U.S. President Donald Trump signs an executive order on tariffs at the White House in Washington, D.C., April 2, 2025. Reuters-Yonhap
The United States Court of International Trade struck down U.S. President Donald Trump’s 10 percent tariff imposition on most U.S. imports on Thursday (local time), marking another legal setback for the administration’s aggressive trade agenda.
However, the ruling is expected to have minimal impact on Korean exporters as the administration is likely to push ahead with alternative trade enforcement.
A three-judge panel ruled 2-1 that the administration unlawfully invoked Section 122 of the Trade Act of 1974 to impose a 10 percent tariff on nearly all imports in February after the Supreme Court invalidated Trump’s earlier reciprocal tariffs.
The Seoul government took a cautious stance on the new ruling. "The government plans to continue closely monitoring related developments and respond calmly under the principle of securing a balance of interests under existing tariff agreements,” Cheong Wa Dae said.
The court ruling is applied only to the plaintiffs and the Trump administration is expected to appeal, so it does not directly mean the 10 percent tariff on Korean goods will be lifted.
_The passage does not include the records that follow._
(* Let $k>1$ be an integer. Every vertex $v$ of $\mathcal F_k$ is a cut vertex: deleting $v$ (and its incident edges) from the connected component of $\mathcal F_k$ containing $v$ leaves a disconnected graph.
   Context: The vertex set $V$ consists of all reduced fractions $p/q$ with $p,q\in\mathbb Z$, $\gcd(p,q)=1$, together with $1/0$; here $p/q$ and $(-p)/(-q)$ denote the same vertex. For vertices define $d(p/q,a/b)=|pb-qa|$. The graph $\mathcal F_k$ has vertex set $V$, with an edge between $p/q$ and $a/b$ exactly when $d(p/q,a/b)=k$. *)

theory Defs
  imports Main
begin

text \<open>Vertices of the Farey-type graph: reduced fractions p/q, with the identification
  p/q = (-p)/(-q), represented by the normalized pair (p,q) with q > 0, or (1,0) for 1/0.\<close>
definition Fverts :: "(int \<times> int) set" where
  "Fverts = {(p, q). coprime p q \<and> (0 < q \<or> (q = 0 \<and> p = 1))}"

definition fdist :: "int \<times> int \<Rightarrow> int \<times> int \<Rightarrow> int" where
  "fdist x y = \<bar>fst x * snd y - snd x * fst y\<bar>"

definition Fadj :: "int \<Rightarrow> int \<times> int \<Rightarrow> int \<times> int \<Rightarrow> bool" where
  "Fadj k x y \<longleftrightarrow> x \<in> Fverts \<and> y \<in> Fverts \<and> fdist x y = k"

definition conn_in :: "int \<Rightarrow> (int \<times> int) set \<Rightarrow> int \<times> int \<Rightarrow> int \<times> int \<Rightarrow> bool" where
  "conn_in k S = (\<lambda>x y. Fadj k x y \<and> x \<in> S \<and> y \<in> S)\<^sup>*\<^sup>*"

definition Fcomponent :: "int \<Rightarrow> int \<times> int \<Rightarrow> (int \<times> int) set" where
  "Fcomponent k v = {w. conn_in k Fverts v w}"

end

theory Submission
  imports Defs "HOL-Library.Product_Plus"
begin

text \<open>A unimodular change of coordinates is an automorphism of \<open>F\<^sub>k\<close> carrying \<open>1/0\<close> to \<open>v\<close>,
  so it suffices to treat \<open>v = 1/0\<close>, whose neighbours are the fractions with denominator \<open>k\<close>.
  The fractions \<open>P/Q\<close> with \<open>k dvd Q\<close> and \<open>0 < P/Q < 1\<close> form a set that is closed under
  adjacency in \<open>F\<^sub>k\<close> away from \<open>1/0\<close>: from \<open>k dvd P\<^sub>1 Q\<^sub>2 - Q\<^sub>1 P\<^sub>2\<close> and \<open>coprime P\<^sub>1 k\<close>
  we get \<open>k dvd Q\<^sub>2\<close>, and if \<open>P\<^sub>2 \<le> 0\<close> the determinant would be at least \<open>Q\<^sub>2 \<ge> k\<close>, with
  equality only at \<open>0/1\<close>; reflecting \<open>P/Q \<mapsto> 1 - P/Q\<close> gives the upper bound.
  Hence the neighbours \<open>1/k\<close> and \<open>-1/k\<close> of \<open>1/0\<close> cannot be joined by a path avoiding \<open>1/0\<close>.\<close>

definition det2 :: "int \<times> int \<Rightarrow> int \<times> int \<Rightarrow> int" where
  "det2 x y = fst x * snd y - snd x * fst y"

lemma fdist_eq_abs_det2: "fdist x y = \<bar>det2 x y\<bar>"
  by (simp add: fdist_def det2_def)

definition lin :: "int \<Rightarrow> int \<Rightarrow> int \<Rightarrow> int \<Rightarrow> int \<times> int \<Rightarrow> int \<times> int" where
  "lin \<alpha> \<beta> \<gamma> \<delta> x = (\<alpha> * fst x + \<beta> * snd x, \<gamma> * fst x + \<delta> * snd x)"

lemma lin_uminus: "lin \<alpha> \<beta> \<gamma> \<delta> (- x) = - lin \<alpha> \<beta> \<gamma> \<delta> x"
  by (simp add: lin_def)

lemma det2_lin: "det2 (lin \<alpha> \<beta> \<gamma> \<delta> x) (lin \<alpha> \<beta> \<gamma> \<delta> y) = (\<alpha> * \<delta> - \<beta> * \<gamma>) * det2 x y"
  by (simp add: det2_def lin_def algebra_simps)

lemma lin_inverse:
  assumes "\<alpha> * \<delta> - \<beta> * \<gamma> = 1"
  shows "lin \<delta> (- \<beta>) (- \<gamma>) \<alpha> (lin \<alpha> \<beta> \<gamma> \<delta> x) = x"
proof -
  have "lin \<delta> (- \<beta>) (- \<gamma>) \<alpha> (lin \<alpha> \<beta> \<gamma> \<delta> x) =
      ((\<alpha> * \<delta> - \<beta> * \<gamma>) * fst x, (\<alpha> * \<delta> - \<beta> * \<gamma>) * snd x)"
    by (simp add: lin_def algebra_simps)
  then show ?thesis
    using assms by simp
qed

lemma coprime_lin:
  assumes det: "\<alpha> * \<delta> - \<beta> * \<gamma> = 1" and "coprime (fst x) (snd x)"
  shows "coprime (fst (lin \<alpha> \<beta> \<gamma> \<delta> x)) (snd (lin \<alpha> \<beta> \<gamma> \<delta> x))"
proof (rule coprimeI)
  fix c
  assume "c dvd fst (lin \<alpha> \<beta> \<gamma> \<delta> x)" and "c dvd snd (lin \<alpha> \<beta> \<gamma> \<delta> x)"
  then have "c dvd fst (lin \<delta> (- \<beta>) (- \<gamma>) \<alpha> (lin \<alpha> \<beta> \<gamma> \<delta> x))"
    and "c dvd snd (lin \<delta> (- \<beta>) (- \<gamma>) \<alpha> (lin \<alpha> \<beta> \<gamma> \<delta> x))"
    unfolding lin_def[of \<delta>] by simp_all
  then have "c dvd fst x" and "c dvd snd x"
    by (simp_all only: lin_inverse[OF det])
  with \<open>coprime (fst x) (snd x)\<close> show "is_unit c"
    by (rule coprime_common_divisor)
qed

definition Fnorm :: "int \<times> int \<Rightarrow> int \<times> int" where
  "Fnorm z = (if snd z < 0 \<or> (snd z = 0 \<and> fst z < 0) then - z else z)"

lemma Fnorm_cases: "Fnorm z = z \<or> Fnorm z = - z"
  by (simp add: Fnorm_def)

lemma Fnorm_uminus: "Fnorm (- z) = Fnorm z"
  by (cases z) (auto simp: Fnorm_def)

lemma Fnorm_Fverts: "z \<in> Fverts \<Longrightarrow> Fnorm z = z"
  by (auto simp: Fnorm_def Fverts_def)

lemma Fnorm_in_Fverts:
  assumes "coprime (fst z) (snd z)"
  shows "Fnorm z \<in> Fverts"
proof -
  obtain p q where z: "z = (p, q)"
    by fastforce
  show ?thesis
  proof (cases "q = 0")
    case True
    with assms z have "p = 1 \<or> p = -1"
      by (simp add: abs_if split: if_splits)
    with True z show ?thesis
      by (auto simp: Fnorm_def Fverts_def)
  qed (use assms z in \<open>auto simp: Fnorm_def Fverts_def\<close>)
qed

lemma fdist_Fnorm: "fdist (Fnorm x) (Fnorm y) = fdist x y"
  using Fnorm_cases[of x] Fnorm_cases[of y]
  by (auto simp: fdist_def abs_minus_commute algebra_simps)

definition Fmap :: "int \<Rightarrow> int \<Rightarrow> int \<Rightarrow> int \<Rightarrow> int \<times> int \<Rightarrow> int \<times> int" where
  "Fmap \<alpha> \<beta> \<gamma> \<delta> x = Fnorm (lin \<alpha> \<beta> \<gamma> \<delta> x)"

lemma Fmap_in_Fverts:
  assumes "\<alpha> * \<delta> - \<beta> * \<gamma> = 1" and "x \<in> Fverts"
  shows "Fmap \<alpha> \<beta> \<gamma> \<delta> x \<in> Fverts"
  unfolding Fmap_def
  by (rule Fnorm_in_Fverts, rule coprime_lin[OF assms(1)]) (use assms(2) in \<open>auto simp: Fverts_def\<close>)

lemma fdist_Fmap:
  assumes "\<alpha> * \<delta> - \<beta> * \<gamma> = 1"
  shows "fdist (Fmap \<alpha> \<beta> \<gamma> \<delta> x) (Fmap \<alpha> \<beta> \<gamma> \<delta> y) = fdist x y"
  unfolding Fmap_def fdist_Fnorm using assms by (simp add: fdist_eq_abs_det2 det2_lin)

lemma Fadj_Fmap:
  assumes "\<alpha> * \<delta> - \<beta> * \<gamma> = 1" and "Fadj k x y"
  shows "Fadj k (Fmap \<alpha> \<beta> \<gamma> \<delta> x) (Fmap \<alpha> \<beta> \<gamma> \<delta> y)"
  using assms by (simp add: Fadj_def Fmap_in_Fverts fdist_Fmap)

lemma Fmap_inverse:
  assumes "\<alpha> * \<delta> - \<beta> * \<gamma> = 1" and "x \<in> Fverts"
  shows "Fmap \<delta> (- \<beta>) (- \<gamma>) \<alpha> (Fmap \<alpha> \<beta> \<gamma> \<delta> x) = x"
  using Fnorm_cases[of "lin \<alpha> \<beta> \<gamma> \<delta> x"]
  by (auto simp: Fmap_def lin_uminus Fnorm_uminus lin_inverse[OF assms(1)] Fnorm_Fverts[OF assms(2)])

lemma Fautomorphism_from_infinity:
  assumes "v \<in> Fverts"
  obtains \<phi> \<psi> where "\<And>x y. Fadj k x y \<Longrightarrow> Fadj k (\<phi> x) (\<phi> y)"
    and "\<And>x y. Fadj k x y \<Longrightarrow> Fadj k (\<psi> x) (\<psi> y)"
    and "\<And>x. x \<in> Fverts \<Longrightarrow> \<phi> (\<psi> x) = x" and "\<And>x. x \<in> Fverts \<Longrightarrow> \<psi> (\<phi> x) = x"
    and "\<psi> (1, 0) = v"
proof -
  obtain r s where v: "v = (r, s)"
    by fastforce
  with assms have "gcd r s = 1"
    by (simp add: Fverts_def)
  then obtain a b where det: "r * b - a * s = 1"
    using bezout_int[of r s] by (metis diff_minus_eq_add minus_mult_left mult.commute)
  have det': "b * r - (- a) * (- s) = 1"
    using det by (simp add: algebra_simps)
  show thesis
  proof (rule that[of "Fmap b (- a) (- s) r" "Fmap r a s b"])
    show "\<And>x. x \<in> Fverts \<Longrightarrow> Fmap b (- a) (- s) r (Fmap r a s b x) = x"
      using Fmap_inverse[OF det] by simp
    show "\<And>x. x \<in> Fverts \<Longrightarrow> Fmap r a s b (Fmap b (- a) (- s) r x) = x"
      using Fmap_inverse[OF det'] by simp
    show "Fmap r a s b (1, 0) = v"
      using Fnorm_Fverts[OF assms] by (simp add: Fmap_def lin_def v)
  qed (use Fadj_Fmap det det' in blast)+
qed

definition Fstrip :: "int \<Rightarrow> int \<times> int \<Rightarrow> bool" where
  "Fstrip k z \<longleftrightarrow> k dvd snd z \<and> 0 < fst z \<and> fst z < snd z"

lemma dvd_denominator_step:
  fixes k P\<^sub>1 Q\<^sub>1 P\<^sub>2 Q\<^sub>2 :: int
  assumes "k dvd Q\<^sub>1" and "coprime P\<^sub>1 Q\<^sub>1" and "\<bar>P\<^sub>1 * Q\<^sub>2 - Q\<^sub>1 * P\<^sub>2\<bar> = k"
  shows "k dvd Q\<^sub>2"
proof -
  have "k dvd P\<^sub>1 * Q\<^sub>2 - Q\<^sub>1 * P\<^sub>2"
    using assms(3) by (metis dvd_abs_iff dvd_refl)
  moreover have "k dvd Q\<^sub>1 * P\<^sub>2"
    using assms(1) by simp
  ultimately have "k dvd P\<^sub>1 * Q\<^sub>2"
    by (metis diff_add_cancel dvd_add)
  moreover have "coprime k P\<^sub>1"
    using assms(1,2) by (metis coprime_commute coprime_divisors dvd_refl)
  ultimately show ?thesis
    by (simp add: coprime_dvd_mult_right_iff)
qed

lemma numerator_pos_step:
  fixes k P\<^sub>1 Q\<^sub>1 P\<^sub>2 Q\<^sub>2 :: int
  assumes "k > 1" and "0 < P\<^sub>1" and "0 < Q\<^sub>1" and "0 < Q\<^sub>2" and "k dvd Q\<^sub>2"
    and "coprime P\<^sub>2 Q\<^sub>2" and "\<bar>P\<^sub>1 * Q\<^sub>2 - Q\<^sub>1 * P\<^sub>2\<bar> = k"
  shows "0 < P\<^sub>2"
proof (rule ccontr)
  assume "\<not> 0 < P\<^sub>2"
  then have "Q\<^sub>1 * P\<^sub>2 \<le> 0"
    using assms(3) by (simp add: mult_nonneg_nonpos)
  moreover have "k \<le> Q\<^sub>2"
    using assms(4,5) by (simp add: zdvd_imp_le)
  moreover have "Q\<^sub>2 \<le> P\<^sub>1 * Q\<^sub>2"
    using assms(2,4) by simp
  ultimately have "Q\<^sub>1 * P\<^sub>2 = 0"
    using assms(7) by linarith
  then have "P\<^sub>2 = 0"
    using assms(3) by simp
  with assms(4,6) have "Q\<^sub>2 = 1"
    by simp
  with \<open>k \<le> Q\<^sub>2\<close> assms(1) show False
    by simp
qed

lemma Fstrip_Fadj:
  assumes "k > 1" and "Fadj k x y" and "y \<noteq> (1, 0)" and "Fstrip k x"
  shows "Fstrip k y"
proof -
  obtain P\<^sub>1 Q\<^sub>1 P\<^sub>2 Q\<^sub>2 where x: "x = (P\<^sub>1, Q\<^sub>1)" and y: "y = (P\<^sub>2, Q\<^sub>2)"
    by fastforce
  from assms have cop\<^sub>1: "coprime P\<^sub>1 Q\<^sub>1" and cop\<^sub>2: "coprime P\<^sub>2 Q\<^sub>2" and "0 < Q\<^sub>2"
    and det: "\<bar>P\<^sub>1 * Q\<^sub>2 - Q\<^sub>1 * P\<^sub>2\<bar> = k" and "k dvd Q\<^sub>1" and "0 < P\<^sub>1" and "P\<^sub>1 < Q\<^sub>1"
    by (auto simp: Fadj_def Fverts_def fdist_def Fstrip_def x y)
  have "k dvd Q\<^sub>2"
    using dvd_denominator_step[OF \<open>k dvd Q\<^sub>1\<close> cop\<^sub>1 det] .
  moreover have "0 < P\<^sub>2"
    using numerator_pos_step[OF assms(1) _ _ \<open>0 < Q\<^sub>2\<close> \<open>k dvd Q\<^sub>2\<close> cop\<^sub>2 det]
      \<open>0 < P\<^sub>1\<close> \<open>P\<^sub>1 < Q\<^sub>1\<close> by simp
  \<comment> \<open>The reflection \<open>P/Q \<mapsto> 1 - P/Q\<close> only changes the sign of the determinant.\<close>
  moreover have "0 < Q\<^sub>2 - P\<^sub>2"
  proof (rule numerator_pos_step[OF assms(1) _ _ \<open>0 < Q\<^sub>2\<close> \<open>k dvd Q\<^sub>2\<close>])
    show "coprime (Q\<^sub>2 - P\<^sub>2) Q\<^sub>2"
      using cop\<^sub>2 by (simp add: coprime_iff_gcd_eq_1 gcd_diff2)
    show "\<bar>(Q\<^sub>1 - P\<^sub>1) * Q\<^sub>2 - Q\<^sub>1 * (Q\<^sub>2 - P\<^sub>2)\<bar> = k"
      using det by (simp add: algebra_simps abs_minus_commute)
  qed (use \<open>0 < P\<^sub>1\<close> \<open>P\<^sub>1 < Q\<^sub>1\<close> in simp_all)
  ultimately show ?thesis
    by (simp add: Fstrip_def y)
qed

lemma conn_in_invariant:
  assumes "conn_in k S x y" and "I x"
    and "\<And>y z. Fadj k y z \<Longrightarrow> y \<in> S \<Longrightarrow> z \<in> S \<Longrightarrow> I y \<Longrightarrow> I z"
  shows "I y"
  using assms(1)[unfolded conn_in_def] assms(2)
  by (induction rule: rtranclp_induct) (use assms(3) in blast)+

lemma conn_in_image:
  assumes "\<And>x y. Fadj k x y \<Longrightarrow> Fadj k (f x) (f y)" and "conn_in k S x y"
  shows "conn_in k (f ` S) (f x) (f y)"
  using assms(2)
proof (rule conn_in_invariant)
  show "conn_in k (f ` S) (f x) (f x)"
    by (simp add: conn_in_def)
  fix y z
  assume "Fadj k y z" "y \<in> S" "z \<in> S" and "conn_in k (f ` S) (f x) (f y)"
  from this(4) show "conn_in k (f ` S) (f x) (f z)"
    unfolding conn_in_def
    by (rule rtranclp.rtrancl_into_rtrancl) (simp add: assms(1) \<open>Fadj k y z\<close> \<open>y \<in> S\<close> \<open>z \<in> S\<close>)
qed

lemma Fstrip_conn_in:
  assumes "k > 1" and "conn_in k S x y" and "(1, 0) \<notin> S" and "Fstrip k x"
  shows "Fstrip k y"
  using assms(2,4) by (rule conn_in_invariant) (use Fstrip_Fadj[OF assms(1)] assms(3) in blast)

lemma Fcomponent_subset_Fverts: "v \<in> Fverts \<Longrightarrow> Fcomponent k v \<subseteq> Fverts"
  by (auto simp: Fcomponent_def conn_in_def Fadj_def elim: rtranclp.cases)

lemma Fadj_Fcomponent:
  assumes "Fadj k v x" and "k \<noteq> 0"
  shows "x \<in> Fcomponent k v - {v}"
  using assms by (auto simp: Fcomponent_def conn_in_def Fadj_def fdist_def)

theorem proposition4p14:
  fixes k :: int and v :: "int \<times> int"
  assumes "k > 1" and "v \<in> Fverts"
  shows "\<exists>u w. u \<in> Fcomponent k v - {v} \<and> w \<in> Fcomponent k v - {v} \<and>
           \<not> conn_in k (Fcomponent k v - {v}) u w"
proof -
  obtain \<phi> \<psi> where \<phi>: "\<And>x y. Fadj k x y \<Longrightarrow> Fadj k (\<phi> x) (\<phi> y)"
    and \<psi>: "\<And>x y. Fadj k x y \<Longrightarrow> Fadj k (\<psi> x) (\<psi> y)"
    and \<phi>\<psi>: "\<And>x. x \<in> Fverts \<Longrightarrow> \<phi> (\<psi> x) = x" and \<psi>\<phi>: "\<And>x. x \<in> Fverts \<Longrightarrow> \<psi> (\<phi> x) = x"
    and \<psi>_infinity: "\<psi> (1, 0) = v"
    using Fautomorphism_from_infinity[OF assms(2)] by metis
  define C where "C = Fcomponent k v - {v}"
  have adj: "Fadj k (1, 0) (1, k)" "Fadj k (1, 0) (-1, k)"
    using assms(1) by (auto simp: Fadj_def Fverts_def fdist_def)
  then have in_C: "\<psi> (1, k) \<in> C" "\<psi> (-1, k) \<in> C"
    unfolding C_def using \<psi> \<psi>_infinity assms(1) by (metis Fadj_Fcomponent not_one_less_zero)+
  have "(1, 0) \<notin> \<phi> ` C"
  proof
    assume "(1, 0) \<in> \<phi> ` C"
    then obtain z where "z \<in> C" and "\<phi> z = (1, 0)"
      by (metis imageE)
    moreover have "z \<in> Fverts"
      using \<open>z \<in> C\<close> Fcomponent_subset_Fverts[OF assms(2)] by (auto simp: C_def)
    ultimately show False
      using \<psi>\<phi>[of z] \<psi>_infinity by (simp add: C_def)
  qed
  moreover have "Fstrip k (1, k)" and "\<not> Fstrip k (-1, k)"
    using assms(1) by (simp_all add: Fstrip_def)
  ultimately have "\<not> conn_in k (\<phi> ` C) (1, k) (-1, k)"
    using Fstrip_conn_in[OF assms(1)] by blast
  moreover have "\<phi> (\<psi> (1, k)) = (1, k)" and "\<phi> (\<psi> (-1, k)) = (-1, k)"
    using \<phi>\<psi> adj by (simp_all add: Fadj_def)
  ultimately have "\<not> conn_in k C (\<psi> (1, k)) (\<psi> (-1, k))"
    using conn_in_image[where f = \<phi> and S = C, OF \<phi>] by metis
  with in_C show ?thesis
    unfolding C_def by blast
qed

end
However, it put another brake on Trump's trade policy that has rattled global economies, including Korea's.
Despite the significance, trade experts noted the ruling would have little practical effect on Korea as Washington has already been moving to apply a new tariff regime under Section 301, which allows the U.S. to impose unlimited tariffs on "unfair foreign practices."
“Experts had already expected the measure would be ruled illegal because Section 122 is intended for situations involving balance-of-payments crises and macroeconomic imbalances,” Heo Yoon, professor of international trade at Sogang University, said, adding that the “script is already prepared” to pivot to Section 301.
“The Trump administration likely knew it would be ruled illegal in the first trial, but by appealing and going to the Supreme Court for a final ruling, they will (have time to) shift to Section 301 in the meantime. They used it as a kind of bridge.”

A cargo ship is docked at the port of Oakland, Calif., Feb. 23, following the Supreme Court's ruling that U.S. President Donald Trump exceeded his authority when he imposed so-called "reciprocal" tariffs. Reuters-Yonhap
Jang Sang-sik, head of trade trend analysis at the Korea International Trade Association, added that the ruling only applies to plaintiff businesses and may not trigger immediate tariff refunds.
"Refunds may be delayed if the government suspends enforcement or appeals," he said. “The U.S. has repeatedly signaled that it would rely on Sections 232 and 301 afterward, so while the ruling is positive for Korean companies in principle, the immediate impact appears limited.”
With the Section 122 tariff set to expire after its 150-day limit in July, regardless of the ruling, Washington has been laying groundwork for a more comprehensive tariff regime using Section 301, which allows the U.S. Trade Representative (USTR) to investigate unfair foreign trade practices on a country-by-country basis.
The USTR launched Section 301 investigations in March targeting 16 economies, including Korea, China and Japan, over "structural excess capacity and production in manufacturing sectors." Public hearings began on Tuesday and continued through Friday at the U.S. International Trade Commission in Washington.
At the hearings, a Korean official has emphasized that Korea's industrial structure is based on market economy principles and that voluntary restructuring is underway in sectors with overcapacity, such as petrochemicals and steel.
Last month, the USTR held hearings on the importation of goods produced with forced labor, targeting 60 economies, including the three countries.
Heo warned that Section 301 may pose a greater threat to Korean exporters than the now-invalidated sweeping reciprocal tariff.
"Since Section 301 is for product-specific tariffs, unlike the previous reciprocal tariff, we need to be careful with products that generate large U.S. trade surpluses,” he said.
“As such products are mainly our core industries, including semiconductors, automobiles, shipbuilding and so on, we need to do our best to explain our position well to the U.S."